Но если Иуда предал  всего лишь пророка, и не то чтобы предал, а лишь доложил римским солдатам, где находится разыскиваемый ими Христос, поскольку иудейские первосвященники Каиафа и Анна прямо не решались сообщить Понтию Пилату о якобы существующем враге императора и римского народа, им нужен был провокатор, тем паче из числа ближайших учеников Христа, то есть из апостолов.

Сделаем небольшое отступление. Ещё в 1906 году Л. Андреев написал рассказ «Елеазар» (древнееврейское произношение имени Лазарь), посвящённый судьбе Лазаря после его воскрешения. Рассказ этот необычайно интересен не как художественное произведение, а как некое мистическое видение самого автора. Окружавшие воскресшего на четвёртый день после смерти Елеазара-Лазаря постоянно интересуются у него: «Отчего ты не расскажешь нам, Елеазар, что было там? Но он не рассказывал». Л. Андреев предлагает свою версию: «Ибо та великая пустота, что объемлет мироздание, не наполнялась видимым, ни солнцем, ни луною, ни звёздами, а царила безбрежно, всюду проникая, всё отъединяя: тело от тела, частицы от частиц».  И на кого бы ни посмотрел воскресший Лазарь из потустороннего мира, тот терял всякое понимание смысла жизни. Такова была цена пребывания на том свете даже в течение трёх дней.

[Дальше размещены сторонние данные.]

lemma list_nonexpansive_beta_limit: "list_nonexpansive (Suc k) (beta_limit k f)"
  unfolding list_nonexpansive_def
proof (intro allI impI)
  fix zs ws :: "'a list" and D
  assume len: "length zs = Suc k" "length ws = Suc k"
    and D: "\<forall>i<Suc k. dist (zs ! i) (ws ! i) \<le> D"
  have "\<forall>i<Suc k. dist ((beta_op k f ^^ r) zs ! i) ((beta_op k f ^^ r) ws ! i) \<le> D" for r
  proof (induction r)
    case (Suc r)
    then show ?case
      unfolding funpow.simps o_apply
      using len by (auto intro!: dist_beta_op_le[OF nonexp] simp del: nth_beta_op)
  qed (use D in simp)
  moreover have "(\<lambda>r. dist ((beta_op k f ^^ r) zs ! 0) ((beta_op k f ^^ r) ws ! 0))
      \<longlonglongrightarrow> dist (beta_limit k f zs) (beta_limit k f ws)"
    using len by (intro tendsto_dist tendsto_beta_op_funpow) simp_all
  ultimately show "dist (beta_limit k f zs) (beta_limit k f ws) \<le> D"
    using LIMSEQ_le_const2 by blast
qed

lemma coordinatewise_contractive_beta_limit: "coordinatewise_contractive (Suc k) \<rho> (beta_limit k f)"
  unfolding coordinatewise_contractive_def
proof (intro allI impI)
  fix zs :: "'a list" and j y
  assume len: "length zs = Suc k" and j: "j < Suc k"
  have "dist (beta_limit k f (beta_op k f zs)) (beta_limit k f (beta_op k f (zs[j := y])))
      \<le> \<rho> * dist (zs ! j) y"
    by (rule list_nonexpansiveD[OF list_nonexpansive_beta_limit])
      (use len j dist_beta_op_update[OF contr rho(1)] in auto)
  then show "dist (beta_limit k f zs) (beta_limit k f (zs[j := y])) \<le> \<rho> * dist (zs ! j) y"
    using len by (simp add: beta_limit_beta_op)
qed

lemma beta_ext_eq_beta_limit:
  assumes len: "length zs = Suc k"
  shows "beta_ext k f zs = beta_limit k f zs"
proof -
  let ?restrict = "\<lambda>g zs. if length zs = Suc k then g zs else undefined"
  have "beta_ext k f = ?restrict (beta_limit k f)"
    unfolding beta_ext_def
  proof (rule the_equality)
    show "\<exists>g. is_kmean (Suc k) g \<and> kcontinuous (Suc k) g \<and> beta_extends k f g \<and>
        ?restrict (beta_limit k f) = ?restrict g"
      using is_kmean_beta_limit beta_extends_beta_limit
        kcontinuous_if_list_nonexpansive[OF list_nonexpansive_beta_limit] by blast
  next
    fix h
    assume "\<exists>g. is_kmean (Suc k) g \<and> kcontinuous (Suc k) g \<and> beta_extends k f g \<and> h = ?restrict g"
    then obtain g where g: "beta_extends k f g" and h: "h = ?restrict g"
      by blast
    have "g zs = beta_limit k f zs" if "length zs = Suc k" for zs
      using g that tendsto_beta_op_funpow[OF that, of 0] LIMSEQ_unique unfolding beta_extends_def by blast
    then show "h = ?restrict (beta_limit k f)"
      using h by auto
  qed
  then show ?thesis
    using len by simp
qed
(* Let $f:\mathbb{R}^d\to\mathbb{R}$ be differentiable with $L$-Lipschitz gradient ($L>0$) and bounded below, and let $f^*=\inf f>-\infty$. Consider parallel-step SGD iterations with $p$ processors (as defined in the context) with constant learning rate $\alpha=\sqrt{p}/\sqrt{T}$, where $T\ge 64L^2p$ is the number of iterations, and assume they satisfy elastic consistency with constant $B$. Then $$\min_{t\in\{0,\dots,T-1\}}\mathbb{E}\|\nabla f(\vec x_t)\|^2\le \frac{8(f(\vec x_0)-f^* )}{\sqrt{Tp}}+\frac{4B^2L^2p}{T}+\frac{8L\sigma^2}{\sqrt{Tp}}+\frac{16L^3B^2p\sqrt p}{T\sqrt T}.$$
   Context: All random objects live on a probability space with a filtration $(\mathcal F_t)_{t\ge0}$. Parallel-step SGD iterations with $p$ processors: $\vec x_0\in\mathbb{R}^d$ is deterministic. For each iteration $t\ge0$ a set $I_t\subseteq\{1,\dots,p\}$ with $p/2\le|I_t|\le p$ is given (fixed independently of the algorithm's randomness). Each processor $i\in I_t$ holds a view $\vec v_t^i$; $\vec x_t$ and all $\vec v_t^i$ are $\mathcal F_t$-measurable. Each $i\in I_t$ computes a stochastic gradient $\tilde G(\vec v_t^i)$ ($\mathcal F_{t+1}$-measurable); conditionally on $\mathcal F_t$ these are independent across $i\in I_t$, with $\mathbb{E}[\tilde G(\vec v_t^i)\mid\mathcal F_t]=\nabla f(\vec v_t^i)$ and $\mathbb{E}[\|\tilde G(\vec v_t^i)-\nabla f(\vec v_t^i)\|^2\mid\mathcal F_t]\le\sigma^2$. The global parameter is updated by $\vec x_{t+1}=\vec x_t-\frac{\alpha}{p}\sum_{i\in I_t}\tilde G(\vec v_t^i)$. Elastic consistency with constant $B>0$ (independent of $t$) means $\mathbb{E}\|\vec x_t-\vec v_t^i\|^2\le\alpha^2B^2$ for all $t$ and all $i\in I_t$. *)

theory Defs
  imports "HOL-Probability.Probability"
begin

text \<open>Taking A i = UNIV for some indices covers all subfamilies.\<close>
definition cond_indep_vars ::
  "'a measure \<Rightarrow> 'a measure \<Rightarrow> ('i \<Rightarrow> 'a \<Rightarrow> 'b::topological_space) \<Rightarrow> 'i set \<Rightarrow> bool" where
  "cond_indep_vars M F X J \<longleftrightarrow>
     (\<forall>A. (\<forall>i\<in>J. A i \<in> sets borel) \<longrightarrow>
        (AE \<omega> in M. real_cond_exp M F (indicator (\<Inter>i\<in>J. X i -` A i \<inter> space M)) \<omega>
           = (\<Prod>i\<in>J. real_cond_exp M F (indicator (X i -` A i \<inter> space M)) \<omega>)))"

end

theory Submission
  imports Defs
begin

text \<open>Because the gradient is L-Lipschitz, one step changes E f(x) by at most
  -(\<alpha>/p) E[\<nabla>f(x) \<bullet> \<Sigma> g] + L (\<alpha>/p)^2 E|\<Sigma> g|^2, where \<Sigma> g is the sum of the stochastic gradients.
  Unbiasedness replaces them by the true gradients at the views in the first term, and in the second
  conditional independence kills the cross terms of the noise, which therefore costs only
  |I t| \<sigma>^2. Elastic consistency keeps the gradients at the views within L \<alpha> B of \<nabla>f(x) in mean
  square, so each step lowers E f(x) by (\<alpha>/4) E|\<nabla>f(x)|^2 up to an error of order
  \<alpha>^3 L^2 B^2 + L \<alpha>^2 \<sigma>^2/p. Telescoping over T steps bounds the average, hence the minimum, of
  E|\<nabla>f(x t)|^2, and \<alpha> = \<surd>p/\<surd>T balances the resulting terms.\<close>

section \<open>Deterministic estimates\<close>

lemma lipschitz_gradient_taylor_bound:
  fixes f :: "'v::real_inner \<Rightarrow> real"
  assumes grad_f: "\<And>y. (f has_derivative (\<lambda>h. grad y \<bullet> h)) (at y)"
    and lip: "\<And>y z. norm (grad y - grad z) \<le> L * norm (y - z)"
    and L: "L \<ge> 0"
  shows "\<bar>f y - f x - grad x \<bullet> (y - x)\<bar> \<le> L * (norm (y - x))\<^sup>2"
proof -
  define d where "d = y - x"
  have der: "((\<lambda>s. f (x + s *\<^sub>R d)) has_derivative (\<lambda>h. grad (x + s *\<^sub>R d) \<bullet> (h *\<^sub>R d)))
      (at s within {0..1})" for s
  proof -
    have "((\<lambda>s. x + s *\<^sub>R d) has_derivative (\<lambda>h. h *\<^sub>R d)) (at s within {0..1})"
      by (auto intro!: derivative_eq_intros)
    from has_derivative_compose[OF this grad_f] show ?thesis by simp
  qed
  obtain s where s: "s \<in> {0..1}"
    and mvt: "f (x + 1 *\<^sub>R d) - f (x + 0 *\<^sub>R d) = grad (x + s *\<^sub>R d) \<bullet> ((1 - 0) *\<^sub>R d)"
    using mvt_very_simple[of 0 1 "\<lambda>s. f (x + s *\<^sub>R d)", OF _ der] by auto
  have "\<bar>(grad (x + s *\<^sub>R d) - grad x) \<bullet> d\<bar> \<le> norm (grad (x + s *\<^sub>R d) - grad x) * norm d"
    by (rule Cauchy_Schwarz_ineq2)
  also have "\<dots> \<le> L * norm (s *\<^sub>R d) * norm d"
    using lip[of "x + s *\<^sub>R d" x] by (simp add: mult_right_mono)
  also have "\<dots> \<le> L * norm d * norm d"
    using s L by (intro mult_right_mono mult_left_mono) (auto simp: mult_left_le_one_le)
  finally show ?thesis
    using mvt unfolding d_def by (simp add: inner_diff_left power2_eq_square)
qed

Если воскресение Лазаря, который по евангельскому сказанию – Ин. 11, 39 « Господи! уже смердит; ибо четыре дня, как он во гробе ) – является иносказательным намёком на  будущую смерть и воскресение  Христа,  то  современный читатель вместе с Леонидом Андреевым может задать вопрос: где находились Лазарь и Христос  в течение трёх дней  после своей смерти? Годится ли ответ Л. Андреева из рассказа «Елеазар» о всепроникающей пустоте и в наши дни? Любопытно отметить, что одна из самых  таинственных пьес писателя «Реквием» (1917 г.) открывается загадочным подзаголовком: «Всё это происходит в пустоте». Видимо, понятие пустоты в каком-то широком космическом смысле было необычайно важно для писателя. А может быть, оно пронизывало и загадочную душу Иуды Искариота?

Вновь вернёмся к образу Иуды Искариота. Действительно ли он провокатор, подкупленный иудейскими священниками с целью погубить пророка –конкурента – Иисуса Христа? Или его миссия состояла в чём-то другом? Леонид Андреев награждает Иуду Искариота крайне неприглядными чертами: будто бы он «сам крадёт искусно и видом своим безобразнее всех жителей в Иудее», «всюду он лжёт, кривляется, зорко высматривает что-то своим воровским глазом; и вдруг уходит внезапно, оставляя по себе неприятности и ссору – любопытный, лукавый и злой, как одноглазый бес». «Иисуса Христа много раз предупреждали, что Иуда из Кариота – человек очень дурной славы, и его нужно остерегаться». Дальше описывается его неприятная внешность, он будто бы походил на «осьминога с огромными, неподвижными, тускло-жадными глазами».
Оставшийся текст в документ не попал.